What is needed> Treat the line containing "ultimately show ?thesis" as the first line of the answer and the last line of the data as its final line, reproducing every line between exactly.

[Dataset excerpts Boundary: Start]

lemma tail_lower_bound_dvd:
  assumes dvd: "2 ^ e dvd card (tail d)" and nonempty: "tail d \<noteq> {}"
  shows "2 ^ (d + e) - 2 ^ d < card (tail d)"
proof -
  define k where "k = int (card (tail d))"
  define Q :: int where "Q = 2 ^ d"
  define D :: int where "D = 2 ^ e"
  have "0 \<le> int (tail_count d u) * (int (tail_count d u) - D)" if u: "u \<in> vecs n" for u
  proof -
    obtain j where "int (tail_count d u) = D * j"
      using tail_count_dvd[OF dvd u] unfolding D_def by (elim dvdE)
    then have "int (tail_count d u) * (int (tail_count d u) - D) = (D * D) * (j * (j - 1))"
      by (simp add: algebra_simps)
    moreover have "0 \<le> j * (j - 1)"
      by (cases "j \<le> 0") (simp_all add: mult_nonpos_nonpos)
    ultimately show ?thesis
      by simp
  qed
  then have "0 \<le> Q^2 * (\<Sum>u\<in>vecs n. (int (tail_count d u) - 0) * (int (tail_count d u) - D))"
    by (simp add: sum_nonneg)
  then have "0 \<le> 2 ^ n * (k * (Q + k - 1 - D * Q))"
    unfolding Q_def k_def tail_moment by (simp add: algebra_simps power2_eq_square)
  moreover have "0 < k"
    using nonempty finite_tail unfolding k_def by (simp add: card_gt_0_iff)
  ultimately have "D * Q - Q < k"
    by (simp add: zero_le_mult_iff)
  then have "int (2 ^ (d + e) - 2 ^ d) < int (card (tail d))"
    unfolding k_def Q_def D_def by (simp add: of_nat_diff power_add mult.commute)
  then show ?thesis
    by (simp only: of_nat_less_iff)
qed

end

context vector_space_partition
begin

theorem tail_bounds_of_classes:
  assumes classes: "\<forall>b\<in>B. card (V b) = 1 \<or> card (V b) = 2 ^ d1 \<or> 2 ^ d2 dvd card (V b)"
    and "1 \<le> d1" "d1 < d2" "d2 \<le> n" "tail d1 \<noteq> {}"
  shows "tail_bounds d1 d2 (card (tail d1))"
proof -
  interpret tail_congruence n B V d1 "d2 - d1"
    by unfold_locales (rule tail_count_congruence[OF classes \<open>d1 < d2\<close> \<open>d2 \<le> n\<close>])
  have "d1 + (d2 - d1) = d2"
    using \<open>d1 < d2\<close> by simp
  then show ?thesis
    using assms(2,3) tail_lower_bound_nondvd tail_equation_nondvd
      tail_lower_bound_dvd[OF _ \<open>tail d1 \<noteq> {}\<close>]
    by (intro tail_bounds_intro) simp_all
qed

[Dataset excerpts Boundary: End]

Solution to this exercise>
    ultimately show ?thesis
      by simp
  qed
  then have "0 \<le> Q^2 * (\<Sum>u\<in>vecs n. (int (tail_count d u) - 0) * (int (tail_count d u) - D))"
    by (simp add: sum_nonneg)
  then have "0 \<le> 2 ^ n * (k * (Q + k - 1 - D * Q))"
    unfolding Q_def k_def tail_moment by (simp add: algebra_simps power2_eq_square)
  moreover have "0 < k"
    using nonempty finite_tail unfolding k_def by (simp add: card_gt_0_iff)
  ultimately have "D * Q - Q < k"
    by (simp add: zero_le_mult_iff)
  then have "int (2 ^ (d + e) - 2 ^ d) < int (card (tail d))"
    unfolding k_def Q_def D_def by (simp add: of_nat_diff power_add mult.commute)
  then show ?thesis
    by (simp only: of_nat_less_iff)
qed

end

context vector_space_partition
begin

theorem tail_bounds_of_classes:
  assumes classes: "\<forall>b\<in>B. card (V b) = 1 \<or> card (V b) = 2 ^ d1 \<or> 2 ^ d2 dvd card (V b)"
    and "1 \<le> d1" "d1 < d2" "d2 \<le> n" "tail d1 \<noteq> {}"
  shows "tail_bounds d1 d2 (card (tail d1))"
proof -
  interpret tail_congruence n B V d1 "d2 - d1"
    by unfold_locales (rule tail_count_congruence[OF classes \<open>d1 < d2\<close> \<open>d2 \<le> n\<close>])
  have "d1 + (d2 - d1) = d2"
    using \<open>d1 < d2\<close> by simp
  then show ?thesis
    using assms(2,3) tail_lower_bound_nondvd tail_equation_nondvd
      tail_lower_bound_dvd[OF _ \<open>tail d1 \<noteq> {}\<close>]
    by (intro tail_bounds_intro) simp_all
qed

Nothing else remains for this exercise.